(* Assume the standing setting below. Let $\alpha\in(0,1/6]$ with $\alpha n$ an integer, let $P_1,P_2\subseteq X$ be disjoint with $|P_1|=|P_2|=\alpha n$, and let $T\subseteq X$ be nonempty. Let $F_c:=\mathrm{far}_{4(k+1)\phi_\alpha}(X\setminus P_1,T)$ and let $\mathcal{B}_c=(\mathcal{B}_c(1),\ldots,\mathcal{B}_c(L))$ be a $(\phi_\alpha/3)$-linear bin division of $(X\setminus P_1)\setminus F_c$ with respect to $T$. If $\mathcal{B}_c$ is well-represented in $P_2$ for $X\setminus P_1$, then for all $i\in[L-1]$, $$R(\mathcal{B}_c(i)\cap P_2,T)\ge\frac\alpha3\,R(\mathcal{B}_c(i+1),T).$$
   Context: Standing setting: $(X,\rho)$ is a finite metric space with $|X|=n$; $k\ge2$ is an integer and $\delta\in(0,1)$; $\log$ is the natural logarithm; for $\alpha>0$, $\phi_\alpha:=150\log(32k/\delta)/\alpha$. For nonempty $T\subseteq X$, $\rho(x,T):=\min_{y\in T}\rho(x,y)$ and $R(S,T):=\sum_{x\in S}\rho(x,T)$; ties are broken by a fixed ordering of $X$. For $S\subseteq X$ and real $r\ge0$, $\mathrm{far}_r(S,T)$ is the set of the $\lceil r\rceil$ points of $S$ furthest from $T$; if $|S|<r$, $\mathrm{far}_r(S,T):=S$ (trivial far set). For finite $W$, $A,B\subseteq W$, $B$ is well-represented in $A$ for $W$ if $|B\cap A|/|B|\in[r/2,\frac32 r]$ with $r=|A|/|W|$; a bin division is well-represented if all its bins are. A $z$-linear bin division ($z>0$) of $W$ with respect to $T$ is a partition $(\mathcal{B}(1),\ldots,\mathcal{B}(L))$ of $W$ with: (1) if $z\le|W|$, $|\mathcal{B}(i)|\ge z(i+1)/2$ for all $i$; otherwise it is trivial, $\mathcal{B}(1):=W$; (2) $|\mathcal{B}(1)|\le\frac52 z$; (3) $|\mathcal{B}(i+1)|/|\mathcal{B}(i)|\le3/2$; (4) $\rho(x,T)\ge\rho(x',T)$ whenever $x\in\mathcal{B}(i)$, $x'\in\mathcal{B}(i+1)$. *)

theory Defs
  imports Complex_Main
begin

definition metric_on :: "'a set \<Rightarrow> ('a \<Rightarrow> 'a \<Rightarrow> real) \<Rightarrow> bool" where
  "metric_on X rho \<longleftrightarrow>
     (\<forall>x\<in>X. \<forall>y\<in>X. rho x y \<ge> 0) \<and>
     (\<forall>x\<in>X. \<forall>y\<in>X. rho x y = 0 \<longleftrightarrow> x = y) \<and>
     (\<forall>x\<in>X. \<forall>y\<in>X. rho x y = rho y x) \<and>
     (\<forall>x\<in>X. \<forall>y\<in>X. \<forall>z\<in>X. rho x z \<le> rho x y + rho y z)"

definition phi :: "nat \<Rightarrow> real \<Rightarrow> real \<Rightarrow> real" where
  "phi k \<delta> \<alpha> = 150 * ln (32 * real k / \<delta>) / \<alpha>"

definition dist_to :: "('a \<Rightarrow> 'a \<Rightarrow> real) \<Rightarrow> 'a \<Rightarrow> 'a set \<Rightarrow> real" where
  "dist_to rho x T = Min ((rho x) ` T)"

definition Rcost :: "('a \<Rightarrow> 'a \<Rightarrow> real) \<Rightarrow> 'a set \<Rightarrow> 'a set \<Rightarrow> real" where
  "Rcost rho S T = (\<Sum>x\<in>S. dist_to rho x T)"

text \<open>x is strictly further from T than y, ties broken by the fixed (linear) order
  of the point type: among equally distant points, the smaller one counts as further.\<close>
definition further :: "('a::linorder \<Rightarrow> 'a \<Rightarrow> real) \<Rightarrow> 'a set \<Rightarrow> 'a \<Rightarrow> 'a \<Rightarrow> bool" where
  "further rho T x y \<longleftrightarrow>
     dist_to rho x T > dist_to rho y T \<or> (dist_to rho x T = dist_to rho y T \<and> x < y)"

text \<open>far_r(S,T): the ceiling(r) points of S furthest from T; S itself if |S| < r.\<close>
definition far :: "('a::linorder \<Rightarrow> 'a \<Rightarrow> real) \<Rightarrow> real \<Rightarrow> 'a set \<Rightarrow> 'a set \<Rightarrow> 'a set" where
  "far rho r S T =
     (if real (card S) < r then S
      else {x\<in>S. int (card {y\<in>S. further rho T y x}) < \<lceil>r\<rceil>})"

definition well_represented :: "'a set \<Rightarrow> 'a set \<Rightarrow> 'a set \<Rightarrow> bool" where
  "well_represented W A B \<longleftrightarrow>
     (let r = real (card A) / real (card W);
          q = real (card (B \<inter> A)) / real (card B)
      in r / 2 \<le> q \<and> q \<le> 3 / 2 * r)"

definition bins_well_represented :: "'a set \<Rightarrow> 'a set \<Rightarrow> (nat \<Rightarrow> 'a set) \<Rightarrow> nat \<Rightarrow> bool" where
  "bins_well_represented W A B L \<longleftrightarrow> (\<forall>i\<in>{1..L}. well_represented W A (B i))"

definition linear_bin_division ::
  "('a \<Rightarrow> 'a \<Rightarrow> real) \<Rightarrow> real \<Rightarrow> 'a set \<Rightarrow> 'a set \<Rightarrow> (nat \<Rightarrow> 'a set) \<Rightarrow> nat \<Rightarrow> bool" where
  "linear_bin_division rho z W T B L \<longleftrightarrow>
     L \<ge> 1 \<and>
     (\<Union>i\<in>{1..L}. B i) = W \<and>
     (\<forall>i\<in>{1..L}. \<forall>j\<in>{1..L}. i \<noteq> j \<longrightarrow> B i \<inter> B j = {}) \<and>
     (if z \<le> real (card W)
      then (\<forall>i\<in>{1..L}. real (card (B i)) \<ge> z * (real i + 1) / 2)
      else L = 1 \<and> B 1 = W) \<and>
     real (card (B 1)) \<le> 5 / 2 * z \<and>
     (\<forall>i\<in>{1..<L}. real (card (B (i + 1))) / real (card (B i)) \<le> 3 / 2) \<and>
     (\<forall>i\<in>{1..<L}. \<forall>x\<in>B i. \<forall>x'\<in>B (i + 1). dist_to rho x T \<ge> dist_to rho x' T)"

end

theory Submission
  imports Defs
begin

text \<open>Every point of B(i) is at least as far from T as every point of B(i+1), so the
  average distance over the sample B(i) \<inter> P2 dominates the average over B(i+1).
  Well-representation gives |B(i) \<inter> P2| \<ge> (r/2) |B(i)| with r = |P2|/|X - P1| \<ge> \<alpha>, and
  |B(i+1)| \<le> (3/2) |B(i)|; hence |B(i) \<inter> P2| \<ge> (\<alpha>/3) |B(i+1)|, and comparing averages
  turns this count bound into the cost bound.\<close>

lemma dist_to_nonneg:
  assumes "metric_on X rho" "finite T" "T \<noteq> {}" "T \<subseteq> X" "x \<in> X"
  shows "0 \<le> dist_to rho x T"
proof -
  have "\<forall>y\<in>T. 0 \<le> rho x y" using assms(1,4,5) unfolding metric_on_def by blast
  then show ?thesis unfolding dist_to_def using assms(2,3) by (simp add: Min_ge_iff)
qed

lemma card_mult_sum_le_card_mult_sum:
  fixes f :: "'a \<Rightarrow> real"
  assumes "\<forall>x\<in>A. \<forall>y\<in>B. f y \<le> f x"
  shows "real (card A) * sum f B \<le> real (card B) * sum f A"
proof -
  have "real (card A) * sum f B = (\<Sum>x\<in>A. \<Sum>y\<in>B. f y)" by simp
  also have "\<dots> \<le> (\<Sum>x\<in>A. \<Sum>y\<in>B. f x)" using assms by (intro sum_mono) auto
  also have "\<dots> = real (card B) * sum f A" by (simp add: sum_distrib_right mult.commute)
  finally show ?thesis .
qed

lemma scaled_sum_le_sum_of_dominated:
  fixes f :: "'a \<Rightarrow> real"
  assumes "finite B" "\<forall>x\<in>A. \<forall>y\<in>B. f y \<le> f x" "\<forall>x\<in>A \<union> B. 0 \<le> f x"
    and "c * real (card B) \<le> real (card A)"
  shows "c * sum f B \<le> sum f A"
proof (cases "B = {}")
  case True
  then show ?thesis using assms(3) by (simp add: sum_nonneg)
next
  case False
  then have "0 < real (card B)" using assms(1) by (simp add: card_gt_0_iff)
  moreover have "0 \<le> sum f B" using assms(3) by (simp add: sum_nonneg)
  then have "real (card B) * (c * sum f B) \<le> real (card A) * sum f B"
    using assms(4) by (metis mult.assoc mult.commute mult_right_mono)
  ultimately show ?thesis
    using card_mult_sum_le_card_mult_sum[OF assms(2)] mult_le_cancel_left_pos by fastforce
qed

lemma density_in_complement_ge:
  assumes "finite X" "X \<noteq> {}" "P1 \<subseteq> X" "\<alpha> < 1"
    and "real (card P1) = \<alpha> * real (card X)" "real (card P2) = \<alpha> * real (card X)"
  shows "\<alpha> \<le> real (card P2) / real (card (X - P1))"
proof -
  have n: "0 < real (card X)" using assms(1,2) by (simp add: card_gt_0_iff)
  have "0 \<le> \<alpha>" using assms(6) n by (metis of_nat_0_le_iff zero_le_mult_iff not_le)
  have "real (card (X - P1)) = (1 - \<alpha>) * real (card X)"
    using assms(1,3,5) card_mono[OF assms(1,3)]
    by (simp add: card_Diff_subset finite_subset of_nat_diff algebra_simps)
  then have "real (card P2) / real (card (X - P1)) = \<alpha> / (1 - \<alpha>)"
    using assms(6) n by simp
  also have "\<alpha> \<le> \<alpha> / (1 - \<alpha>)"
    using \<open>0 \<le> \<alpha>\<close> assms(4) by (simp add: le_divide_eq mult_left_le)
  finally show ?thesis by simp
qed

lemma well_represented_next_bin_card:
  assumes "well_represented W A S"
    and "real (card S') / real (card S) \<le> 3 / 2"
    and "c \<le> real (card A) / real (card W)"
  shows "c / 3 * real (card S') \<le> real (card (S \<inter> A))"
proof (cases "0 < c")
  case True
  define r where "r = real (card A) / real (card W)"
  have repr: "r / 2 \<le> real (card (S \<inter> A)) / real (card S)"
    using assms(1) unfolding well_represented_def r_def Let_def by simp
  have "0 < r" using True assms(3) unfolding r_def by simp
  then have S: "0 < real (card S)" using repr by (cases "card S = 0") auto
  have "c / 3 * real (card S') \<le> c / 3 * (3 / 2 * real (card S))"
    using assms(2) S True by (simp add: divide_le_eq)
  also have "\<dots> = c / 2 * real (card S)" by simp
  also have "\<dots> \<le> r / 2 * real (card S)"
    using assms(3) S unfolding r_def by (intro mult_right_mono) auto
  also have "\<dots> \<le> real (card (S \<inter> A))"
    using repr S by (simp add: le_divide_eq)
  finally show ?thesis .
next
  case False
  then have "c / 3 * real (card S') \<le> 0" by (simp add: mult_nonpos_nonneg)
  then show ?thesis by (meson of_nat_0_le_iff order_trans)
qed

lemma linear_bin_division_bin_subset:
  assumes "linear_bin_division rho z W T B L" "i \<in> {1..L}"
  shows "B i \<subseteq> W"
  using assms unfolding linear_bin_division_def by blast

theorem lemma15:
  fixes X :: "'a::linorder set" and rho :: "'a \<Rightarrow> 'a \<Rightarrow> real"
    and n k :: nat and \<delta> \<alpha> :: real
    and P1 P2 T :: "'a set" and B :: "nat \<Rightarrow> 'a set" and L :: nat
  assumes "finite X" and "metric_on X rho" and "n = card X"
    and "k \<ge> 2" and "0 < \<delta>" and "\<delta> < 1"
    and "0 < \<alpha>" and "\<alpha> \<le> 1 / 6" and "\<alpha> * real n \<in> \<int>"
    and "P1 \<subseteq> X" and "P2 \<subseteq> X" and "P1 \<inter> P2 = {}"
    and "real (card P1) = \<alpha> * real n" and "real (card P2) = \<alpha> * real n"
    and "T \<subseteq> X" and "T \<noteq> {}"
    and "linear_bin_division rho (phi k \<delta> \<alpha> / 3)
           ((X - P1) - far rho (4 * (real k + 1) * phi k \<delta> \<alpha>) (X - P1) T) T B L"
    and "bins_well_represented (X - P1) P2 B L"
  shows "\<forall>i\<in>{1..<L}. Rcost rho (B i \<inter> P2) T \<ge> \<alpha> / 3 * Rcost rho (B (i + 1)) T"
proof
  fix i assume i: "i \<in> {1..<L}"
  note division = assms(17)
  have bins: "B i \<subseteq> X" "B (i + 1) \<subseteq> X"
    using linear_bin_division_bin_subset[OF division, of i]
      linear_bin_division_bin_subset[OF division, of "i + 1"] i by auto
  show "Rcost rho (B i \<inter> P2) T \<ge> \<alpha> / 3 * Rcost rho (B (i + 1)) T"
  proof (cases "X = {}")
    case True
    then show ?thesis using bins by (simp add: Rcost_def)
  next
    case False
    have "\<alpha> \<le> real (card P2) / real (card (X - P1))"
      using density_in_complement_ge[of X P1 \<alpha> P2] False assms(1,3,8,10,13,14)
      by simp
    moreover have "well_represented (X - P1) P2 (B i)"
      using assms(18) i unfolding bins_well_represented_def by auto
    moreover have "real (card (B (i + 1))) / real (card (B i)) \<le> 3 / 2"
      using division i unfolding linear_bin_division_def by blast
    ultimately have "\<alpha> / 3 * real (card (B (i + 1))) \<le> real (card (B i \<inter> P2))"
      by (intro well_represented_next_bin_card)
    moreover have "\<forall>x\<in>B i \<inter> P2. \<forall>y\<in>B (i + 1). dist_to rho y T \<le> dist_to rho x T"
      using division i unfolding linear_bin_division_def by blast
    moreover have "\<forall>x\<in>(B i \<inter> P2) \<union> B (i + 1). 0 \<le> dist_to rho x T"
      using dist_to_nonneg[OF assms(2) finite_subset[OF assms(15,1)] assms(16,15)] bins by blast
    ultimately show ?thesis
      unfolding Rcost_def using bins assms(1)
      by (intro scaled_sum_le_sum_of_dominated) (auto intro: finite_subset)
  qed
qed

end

══════════

Give an exact copy of the lines from the one with "by (intro well_represented_next_bin_card)" through the end of the entries, both ends included.

● Answer:
      by (intro well_represented_next_bin_card)
    moreover have "\<forall>x\<in>B i \<inter> P2. \<forall>y\<in>B (i + 1). dist_to rho y T \<le> dist_to rho x T"
      using division i unfolding linear_bin_division_def by blast
    moreover have "\<forall>x\<in>(B i \<inter> P2) \<union> B (i + 1). 0 \<le> dist_to rho x T"
      using dist_to_nonneg[OF assms(2) finite_subset[OF assms(15,1)] assms(16,15)] bins by blast
    ultimately show ?thesis
      unfolding Rcost_def using bins assms(1)
      by (intro scaled_sum_le_sum_of_dominated) (auto intro: finite_subset)
  qed
qed

end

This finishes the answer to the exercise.